INSTRUCTIONS TO FOLLOW: Copy out the complete listing, word for word.
━━━
text \<open>The fractal function \<open>g = f\<^sup>\<alpha>\<^sub>\<Delta>\<^sub>,\<^sub>b\<close> depends affinely on the base \<open>b\<close>, and \<open>b\<close> can be read
  off from \<open>g\<close> on a piece where \<open>\<alpha>\<^sub>i \<noteq> 0\<close>: \<open>\<alpha>\<^sub>i b(s) = \<alpha>\<^sub>i g(s) + f(L\<^sub>i s) - g(L\<^sub>i s)\<close>.
  Hence a convex combination of two elements of \<open>\<F>\<^sup>\<alpha>(f)\<close> can only lie in
  \<open>\<F>\<^sup>\<alpha>(f)\<close> if the same convex combination of their Bernstein bases is again a Bernstein
  polynomial \<open>B\<^sub>k f\<close>. For \<open>f(t) = (t - x\<^sub>0)\<^sup>2\<close> one has
  \<open>B\<^sub>n f(t) = (t - x\<^sub>0)\<^sup>2 + (t - x\<^sub>0)(x\<^sub>N - t)/n\<close>, and at the midpoint of \<open>I\<close> the average
  of \<open>B\<^sub>1 f\<close> and \<open>B\<^sub>2 f\<close> would force \<open>1/k = 3/4\<close>.\<close>

lemma continuous_on_bernstein:
  assumes "a < c"
  shows "continuous_on {a..c} (bernstein a c n f)"
proof -
  have "continuous_on {a..c} (\<lambda>t. \<Sum>k=0..n. f (a + real k / real n * (c - a)) * real (n choose k)
      * (t - a) ^ k * (c - t) ^ (n - k) / (c - a) ^ n)"
    using assms by (intro continuous_intros) auto
  then show ?thesis by (rule continuous_on_eq) (simp add: bernstein_def)
qed

lemma bernstein_left_endpoint:
  assumes "a < c"
  shows "bernstein a c n f a = f a"
proof -
  have "f (a + real k / real n * (c - a)) * real (n choose k) * (a - a) ^ k * (c - a) ^ (n - k) / (c - a) ^ n
      = (if k = 0 then f a else 0)" for k
    using assms by simp
  then have "bernstein a c n f a = (\<Sum>k=0..n. if k = 0 then f a else 0)"
    unfolding bernstein_def using assms by simp
  then show ?thesis by simp
qed

lemma bernstein_right_endpoint:
  assumes "a < c" and "n \<ge> 1"
  shows "bernstein a c n f c = f c"
proof -
  have "f (a + real k / real n * (c - a)) * real (n choose k) * (c - a) ^ k * (c - c) ^ (n - k) / (c - a) ^ n
      = (if k = n then f c else 0)" if "k \<in> {0..n}" for k
    using assms that by auto
  then have "bernstein a c n f c = (\<Sum>k=0..n. if k = n then f c else 0)"
    unfolding bernstein_def using assms by (subst sum.cong[OF refl]) auto
  then show ?thesis by simp
qed

definition shifted_square :: "real \<Rightarrow> real \<Rightarrow> real \<Rightarrow> real" where
  "shifted_square a c t = (if t \<in> {a..c} then (t - a)\<^sup>2 else 0)"

lemma shifted_square_CI: "shifted_square a c \<in> CI a c"
proof -
  have "continuous_on {a..c} (\<lambda>t. (t - a)\<^sup>2)" by (intro continuous_intros)
  then have "continuous_on {a..c} (shifted_square a c)"
    by (rule continuous_on_eq) (simp add: shifted_square_def)
  then show ?thesis unfolding CI_def by (simp add: shifted_square_def)
qed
━━━
EXERCISE ANSWER:
text \<open>The fractal function \<open>g = f\<^sup>\<alpha>\<^sub>\<Delta>\<^sub>,\<^sub>b\<close> depends affinely on the base \<open>b\<close>, and \<open>b\<close> can be read
  off from \<open>g\<close> on a piece where \<open>\<alpha>\<^sub>i \<noteq> 0\<close>: \<open>\<alpha>\<^sub>i b(s) = \<alpha>\<^sub>i g(s) + f(L\<^sub>i s) - g(L\<^sub>i s)\<close>.
  Hence a convex combination of two elements of \<open>\<F>\<^sup>\<alpha>(f)\<close> can only lie in
  \<open>\<F>\<^sup>\<alpha>(f)\<close> if the same convex combination of their Bernstein bases is again a Bernstein
  polynomial \<open>B\<^sub>k f\<close>. For \<open>f(t) = (t - x\<^sub>0)\<^sup>2\<close> one has
  \<open>B\<^sub>n f(t) = (t - x\<^sub>0)\<^sup>2 + (t - x\<^sub>0)(x\<^sub>N - t)/n\<close>, and at the midpoint of \<open>I\<close> the average
  of \<open>B\<^sub>1 f\<close> and \<open>B\<^sub>2 f\<close> would force \<open>1/k = 3/4\<close>.\<close>

lemma continuous_on_bernstein:
  assumes "a < c"
  shows "continuous_on {a..c} (bernstein a c n f)"
proof -
  have "continuous_on {a..c} (\<lambda>t. \<Sum>k=0..n. f (a + real k / real n * (c - a)) * real (n choose k)
      * (t - a) ^ k * (c - t) ^ (n - k) / (c - a) ^ n)"
    using assms by (intro continuous_intros) auto
  then show ?thesis by (rule continuous_on_eq) (simp add: bernstein_def)
qed

lemma bernstein_left_endpoint:
  assumes "a < c"
  shows "bernstein a c n f a = f a"
proof -
  have "f (a + real k / real n * (c - a)) * real (n choose k) * (a - a) ^ k * (c - a) ^ (n - k) / (c - a) ^ n
      = (if k = 0 then f a else 0)" for k
    using assms by simp
  then have "bernstein a c n f a = (\<Sum>k=0..n. if k = 0 then f a else 0)"
    unfolding bernstein_def using assms by simp
  then show ?thesis by simp
qed

lemma bernstein_right_endpoint:
  assumes "a < c" and "n \<ge> 1"
  shows "bernstein a c n f c = f c"
proof -
  have "f (a + real k / real n * (c - a)) * real (n choose k) * (c - a) ^ k * (c - c) ^ (n - k) / (c - a) ^ n
      = (if k = n then f c else 0)" if "k \<in> {0..n}" for k
    using assms that by auto
  then have "bernstein a c n f c = (\<Sum>k=0..n. if k = n then f c else 0)"
    unfolding bernstein_def using assms by (subst sum.cong[OF refl]) auto
  then show ?thesis by simp
qed

definition shifted_square :: "real \<Rightarrow> real \<Rightarrow> real \<Rightarrow> real" where
  "shifted_square a c t = (if t \<in> {a..c} then (t - a)\<^sup>2 else 0)"

lemma shifted_square_CI: "shifted_square a c \<in> CI a c"
proof -
  have "continuous_on {a..c} (\<lambda>t. (t - a)\<^sup>2)" by (intro continuous_intros)
  then have "continuous_on {a..c} (shifted_square a c)"
    by (rule continuous_on_eq) (simp add: shifted_square_def)
  then show ?thesis unfolding CI_def by (simp add: shifted_square_def)
qed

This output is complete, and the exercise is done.